(* Let $n\ge2$, let $\mathbf{x}=(x_1,\dots,x_n)^T\in\mathbb{C}^n$ with $x_i\neq x_j$ for all $i\neq j$, let $F$, $p$ and $F''$ be as in the context, and put \[ W_l=\frac{p(x_l)}{\prod_{j=1,\,j\neq l}^n(x_l-x_j)},\qquad l=1,\dots,n,\qquad \mathbf{d}=F'(\mathbf{x})^{-1}F(\mathbf{x}). \] Then $\mathbf{d}=(W_1,\dots,W_n)^T$ and, for $j=1,\dots,n$, \[ \Big(F'(\mathbf{x})^{-1}\,F''(\mathbf{x})(\mathbf{d},\mathbf{d})\Big)_j=2\,W_j\sum_{\nu=1,\,\nu\neq j}^n\frac{W_\nu}{x_\nu-x_j}. \]
   Context: Let $p(t)=t^n+a_{n-1}t^{n-1}+\dots+a_1t+a_0$ be a monic polynomial of degree $n$ with real coefficients, and set $\mathbf{a}=(a_0,a_1,\dots,a_{n-1})^T$. Define $V=(v_1,\dots,v_n)^T:\mathbb{C}^n\to\mathbb{C}^n$ by \[ v_{n-\nu+1}(\mathbf{x})=\sum_{i_1<i_2<\dots<i_\nu}(-x_{i_1})(-x_{i_2})\cdots(-x_{i_\nu}),\qquad \nu=1,\dots,n, \] (the sum running over all $\nu$-element index sets $\{i_1<\dots<i_\nu\}\subseteq\{1,\dots,n\}$), so that $\prod_{j=1}^n(t-x_j)=t^n+\sum_{j=0}^{n-1}v_{j+1}(\mathbf{x})t^j$. Define $F=(f_1,\dots,f_n)^T:\mathbb{C}^n\to\mathbb{C}^n$ by $F(\mathbf{x})=V(\mathbf{x})-\mathbf{a}$, with Jacobian $F'(\mathbf{x})$. For $k=1,\dots,n$, $A^{(k)}(\mathbf{x})\in\mathbb{C}^{n\times n}$ is the matrix whose $(i,l)$ entry is $\partial^2 f_i(\mathbf{x})/\partial x_l\partial x_k$, and the second derivative is the bilinear map $F''(\mathbf{x})(\mathbf{y},\mathbf{z})=\sum_{k=1}^n z_k\,A^{(k)}(\mathbf{x})\,\mathbf{y}$ for $\mathbf{y},\mathbf{z}\in\mathbb{C}^n$, i.e. $F''(\mathbf{x})(\mathbf{y},\mathbf{z})_i=\sum_{k,l}\frac{\partial^2 f_i(\mathbf{x})}{\partial x_l\partial x_k}y_l z_k$. *)

theory Defs
  imports "HOL-Analysis.Analysis" "Jordan_Normal_Form.Matrix"
begin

--------------------

*Work instruction*: Extract the whole listing, character for character.

*Output below*:
(* Let $n\ge2$, let $\mathbf{x}=(x_1,\dots,x_n)^T\in\mathbb{C}^n$ with $x_i\neq x_j$ for all $i\neq j$, let $F$, $p$ and $F''$ be as in the context, and put \[ W_l=\frac{p(x_l)}{\prod_{j=1,\,j\neq l}^n(x_l-x_j)},\qquad l=1,\dots,n,\qquad \mathbf{d}=F'(\mathbf{x})^{-1}F(\mathbf{x}). \] Then $\mathbf{d}=(W_1,\dots,W_n)^T$ and, for $j=1,\dots,n$, \[ \Big(F'(\mathbf{x})^{-1}\,F''(\mathbf{x})(\mathbf{d},\mathbf{d})\Big)_j=2\,W_j\sum_{\nu=1,\,\nu\neq j}^n\frac{W_\nu}{x_\nu-x_j}. \]
   Context: Let $p(t)=t^n+a_{n-1}t^{n-1}+\dots+a_1t+a_0$ be a monic polynomial of degree $n$ with real coefficients, and set $\mathbf{a}=(a_0,a_1,\dots,a_{n-1})^T$. Define $V=(v_1,\dots,v_n)^T:\mathbb{C}^n\to\mathbb{C}^n$ by \[ v_{n-\nu+1}(\mathbf{x})=\sum_{i_1<i_2<\dots<i_\nu}(-x_{i_1})(-x_{i_2})\cdots(-x_{i_\nu}),\qquad \nu=1,\dots,n, \] (the sum running over all $\nu$-element index sets $\{i_1<\dots<i_\nu\}\subseteq\{1,\dots,n\}$), so that $\prod_{j=1}^n(t-x_j)=t^n+\sum_{j=0}^{n-1}v_{j+1}(\mathbf{x})t^j$. Define $F=(f_1,\dots,f_n)^T:\mathbb{C}^n\to\mathbb{C}^n$ by $F(\mathbf{x})=V(\mathbf{x})-\mathbf{a}$, with Jacobian $F'(\mathbf{x})$. For $k=1,\dots,n$, $A^{(k)}(\mathbf{x})\in\mathbb{C}^{n\times n}$ is the matrix whose $(i,l)$ entry is $\partial^2 f_i(\mathbf{x})/\partial x_l\partial x_k$, and the second derivative is the bilinear map $F''(\mathbf{x})(\mathbf{y},\mathbf{z})=\sum_{k=1}^n z_k\,A^{(k)}(\mathbf{x})\,\mathbf{y}$ for $\mathbf{y},\mathbf{z}\in\mathbb{C}^n$, i.e. $F''(\mathbf{x})(\mathbf{y},\mathbf{z})_i=\sum_{k,l}\frac{\partial^2 f_i(\mathbf{x})}{\partial x_l\partial x_k}y_l z_k$. *)

theory Defs
  imports "HOL-Analysis.Analysis" "Jordan_Normal_Form.Matrix"
begin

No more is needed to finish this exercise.